# 36% increase in BG checks



## Seneca (Nov 16, 2012)

If the article is to be believed we are seeing a rather rapid acceleration of BG checks.
36% Increase in Background Checks over Same Time Last Year - Breitbart
It's about two million increase in BG checks over last year. 
It boggles the mind...that's a lot of guns going out the door, it can't all be repeat customers or collectors. Got to wonder who in those kinds of numbers is feeling the urge to be armed?


----------



## Chipper (Dec 22, 2012)

Increase in concealed carry and the zombie threat.


----------



## Moonshinedave (Mar 28, 2013)

A couple nights ago I seen my neighbor with a pistol, trust me, he's not even bright enough to be trusted with a sharp stick. He has two young daughters, it scares me,but what are you gonna do? His wife seems to have some brains, hopefully she'll keep an eye on him and the weapon.
Point is everyone, that doesn't have a reason not to, should have a right to have a weapon, but the truth is not everybody should.


----------



## txmarine6531 (Nov 18, 2015)

When I get a chance to go to the range, I always see tons of people looking to buy their first gun. Mainly pistols and ar's. Lots of them are renting pistols to try. When I bought my ar lower at the gun show last weekend, it took over an hour to get through for the check. When I walked up to get it, I overheard the guy telling his friend he had been on hold for 40 mins with another guy. Lots of guns being sold. LOTS!


----------



## Smitty901 (Nov 16, 2012)

March set a sales record for the month of March . It however did not make the list of the highest months. I did my part.


----------



## GTGallop (Nov 11, 2012)

The NRA & now NAGR are reporting record donations as well. I'm not sure if it was for 2015 or for March or what the time frame was.

I think it is the fact that we have four buffoons running for POTUS and no matter who gets elected we are all going to have to take a bite of that shit sandwich come January. Get your goodies while you can!


----------



## Illini Warrior (Jan 24, 2015)

you haven't seen anything yet - these 1st time buyers are just the smart sheeple with $$$$$ capable means .... no real TANGIBLE reason to be arming up - just seeing a crime increase most likely ....

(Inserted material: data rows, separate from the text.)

lemma wires_sel_gate:
  assumes t: "t < T" and i: "i < n" and k: "k < D"
  shows "wires ! (sel_wire n D T t i k) =
           (if matched N D (Lt t) i \<and> match_slot N D (Lt t) i = k
            then wires ! (payload_wire n D T t (N i k)) else wires ! (chain_wire n D T t i k))"
proof -
  define idx where "idx = (t*n+i)*D + k"
  note e = idx_encode[OF t i k, folded idx_def]
  have "gates (swapper_circuit n D T N) ! (n_flags n D T + n + idx)
          = SelG (3*n + idx) (chain_wire n D T t i k) (payload_wire n D T t (N i k))"
    using nth_gates_sel[OF e(1)] e by (simp add: sel_gate_def)
  hence "wires ! (sel_wire n D T t i k)
           = eval_gate wires (SelG (3*n + idx) (chain_wire n D T t i k) (payload_wire n D T t (N i k)))"
    using wires_gate[of "n_flags n D T + n + idx"] e sel_wire_eq by (simp add: idx_def)
  thus ?thesis using wires_flag[OF t i k] by (simp add: idx_def)
qed

lemma wires_sel:
  assumes t: "t < T" and i: "i < n"
    and payload: "\<forall>v<n. wires ! (payload_wire n D T t v) = VW (Pt t v)"
  shows "k < D \<Longrightarrow> wires ! (sel_wire n D T t i k) =
           VW (if matched N D (Lt t) i \<and> match_slot N D (Lt t) i \<le> k
               then Pt t (N i (match_slot N D (Lt t) i)) else Pt t i)"
proof (induction k)
  case 0 thus ?case using wires_sel_gate[OF t i 0] payload i rng by (auto simp: chain_wire_def)
next
  case (Suc k)
  thus ?case using wires_sel_gate[OF t i Suc.prems] payload i rng by (auto simp: chain_wire_def le_Suc_eq)
qed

just wait until the BLM "protesting" season really kicks in and a Ferguson or Baltimore powder keg explodes .... then you have FOX broadcasting the aftermath of a urban massacre ....

there isn't enough guns in the ENTIRE world for that landrush .....


----------



## sideKahr (Oct 15, 2014)

Figures in past years gave Pennsylvania a 2% license-to-carry-firearms rate on the general population. But I read recently that may have increased to 10%. Not sure that is correct, but Allegheny County (Pittsburgh) has the highest number of hunting licenses of any other county, so I guess it's possible. Lots of folks buying guns here.

http://triblive.com/sports/outdoors/10079586-74/county-sales-commission

I have a friend, a smart guy, who recently bought his first pistol for home defense. I invited him to the range for some practice, but he wasn't interested. I worry about how many people buy a gun, put it in a drawer, never fire it, and think that they are 'safe' now.


----------



## SOCOM42 (Nov 9, 2012)

With the explosion of "minority" shootings in the three big cities here, 
that "privileged" class is causing record sales at the gun shows and at the LGS's by first time buyers who have seen the light of the darkness coming.


----------



## jro1 (Mar 3, 2014)

Here in Canada, to be an owner of a restricted firearm, I have a background check run on me every day!! They check my mental health records, check up on any criminal activity, etc etc! Doesnt that make me a pretty good guy to be around when I'm all in the clear? But for some reason, the left still see me as bat shit crazy!! Doesn't make sense! The proof is in federal paper work that show other wise!


----------



## Camel923 (Aug 13, 2014)

If you think Hildabeast just might get elected or Obama will go on an executive rampage, it could explain a lot.


----------



## Slippy's-Attorney (Sep 23, 2015)

how many folks are buying person to person... no check


----------



## Oddcaliber (Feb 17, 2014)

I'm doing my part to increase the numbers!


----------



## Camel923 (Aug 13, 2014)

Slippy's-Attorney said:


> how many folks are buying person to person... no check


I would not advocate selling much of anything firearms related right now.


----------